What was once repression and coy responses in women have now been replaced with a bold attitude and a total acceptance of their sexual feelings. And while most would think that this would excite men, the reality is that this isn’t the case. It seems that most men are actually uncomfortable by sexually liberated women, feeling that the active participation they once took the reign on has been replaced by their female counterparts, pushing them out of their comfort zones and in a place of seemingly decreasing power. What many men are saying is that if a woman initiates sex and the man doesn’t feel like it, he wants to be able to turn down her advances without being questioned and cajoled into a response. But he wants to initiate intimacy, she should be responsive at all times and passionate. It appears that men want the control in any situation – without it, there could be problems in the relationship. This double standard is leading to emotional problems in couples’ sex lives, because men are requiring things to always be in their favour. This is due to the constant conditioning of men in that they need to be seen as the nice guy, but also get everything they want. The ‘Mr Nice Guy’ aspect of a man’s personality wants to celebrate equality and be in favour of women’s liberation, but the selfish aspect wants the control to be in his hands. There is no way of winning in this scenario.

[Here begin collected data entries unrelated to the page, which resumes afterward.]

lemma sum_div_ge_harm: "real N * harm N - real N \<le> (\<Sum>m=1..N. real (N div m))"
proof -
  have "real N / real m - 1 \<le> real (N div m)" if "0 < m" for m
    using that of_nat_of_nat_div_aux[of N m, where 'a = real] by (simp add: divide_less_eq_1)
  then have "(\<Sum>m=1..N. real N / real m - 1) \<le> (\<Sum>m=1..N. real (N div m))"
    by (intro sum_mono) simp
  then show ?thesis
    by (simp add: harm_def sum_subtractf sum_distrib_left divide_inverse)
qed

lemma partial_sum_le_if_windows_negative:
  fixes f :: "nat \<Rightarrow> int"
  assumes windows: "\<And>n. (\<Sum>m=1..k. f (n + m)) < 0"
    and le_one: "\<And>n. 0 < n \<Longrightarrow> f n \<le> 1"
  shows "int k * (\<Sum>j=1..N. f j) \<le> int k * (int k + 1) - int N"
proof -
  have "k > 0"
    using windows[of 0] by (cases k) auto
  have shift: "(\<Sum>j=1..n + l. f j) = (\<Sum>j=1..n. f j) + (\<Sum>m=1..l. f (n + m))" for n l
    by (induction l) simp_all
  have blocks: "(\<Sum>j=1..a * k + r. f j) \<le> int r - int a" for a r
  proof (induction a)
    case 0
    have "(\<Sum>j=1..r. f j) \<le> (\<Sum>j=1..r. 1)"
      by (intro sum_mono le_one) simp
    then show ?case by simp
  next
    case (Suc a)
    have "(\<Sum>j=1..Suc a * k + r. f j) = (\<Sum>j=1..a * k + r. f j) + (\<Sum>m=1..k. f (a * k + r + m))"
      using shift[of "a * k + r" k] by (simp add: add_ac)
    with Suc windows[of "a * k + r"] show ?case by simp
  qed
  define a r where "a = N div k" and "r = N mod k"
  have "int k * (\<Sum>j=1..N. f j) \<le> int k * (int r - int a)"
    using blocks[of a r] by (intro mult_left_mono) (simp_all add: a_def r_def)
  also have "\<dots> = (int k + 1) * int r - int N"
  proof -
    have "N = k * a + r"
      by (simp add: a_def r_def)
    then show ?thesis by (simp add: algebra_simps)
  qed
  also have "(int k + 1) * int r \<le> (int k + 1) * int k"
    using \<open>k > 0\<close> by (intro mult_left_mono) (simp_all add: r_def)
  finally show ?thesis by (simp add: algebra_simps)
qed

This contrasting attitude that some men have can leave women feeling unfulfilled and confused. Such mixed signals make communication fraught in a relationship, and can leave females feeling angry and hurt by their rejected advances. In the face of an angry and upset woman, a man can often react by ignoring her and remaining aloof. He can label her reactions as unladylike or call her a nymphomaniac, putting her down in other areas of their relationship as well. This eventually leads to a breakdown of the relationship and communication entirely. In this regard, anger on the part of the woman is self defeating, and in such cases she needs to be made aware that her demeanor is ineffective. How a man responds to a woman’s questioning says a lot about his own perceptions of sex, relationships and women. It may also, though, be a reaction to baggage he harbours from the past, such as his upbringing. In such cases, counseling or couples therapy could be the best route so that you can get the issues out into the open with someone unbiased and removed from the relationship entirely, for an open perspective.
Sometimes, the situation is simply a breakdown of communication. For example, some men can be a little too forceful in sex which can make women complain of pain or discomfort during sex. This makes the man withdraw completely, which means the woman then complains that her partner isn’t intimate with her. Both parties feel neglected and confused, and this can cause problems in the relationship. Again, a sex counselor is the best option here as proper sex education is often the answer. It can be difficult knowing what to do for the best when you’re within the relationship, as you can see a way of fixing the problem and keeping both parties happy. An unbiased counselor will be able to offer advice and ideas where both partners are kept satisfied, emotionally and sexually, for a happy and fulfilling relationship.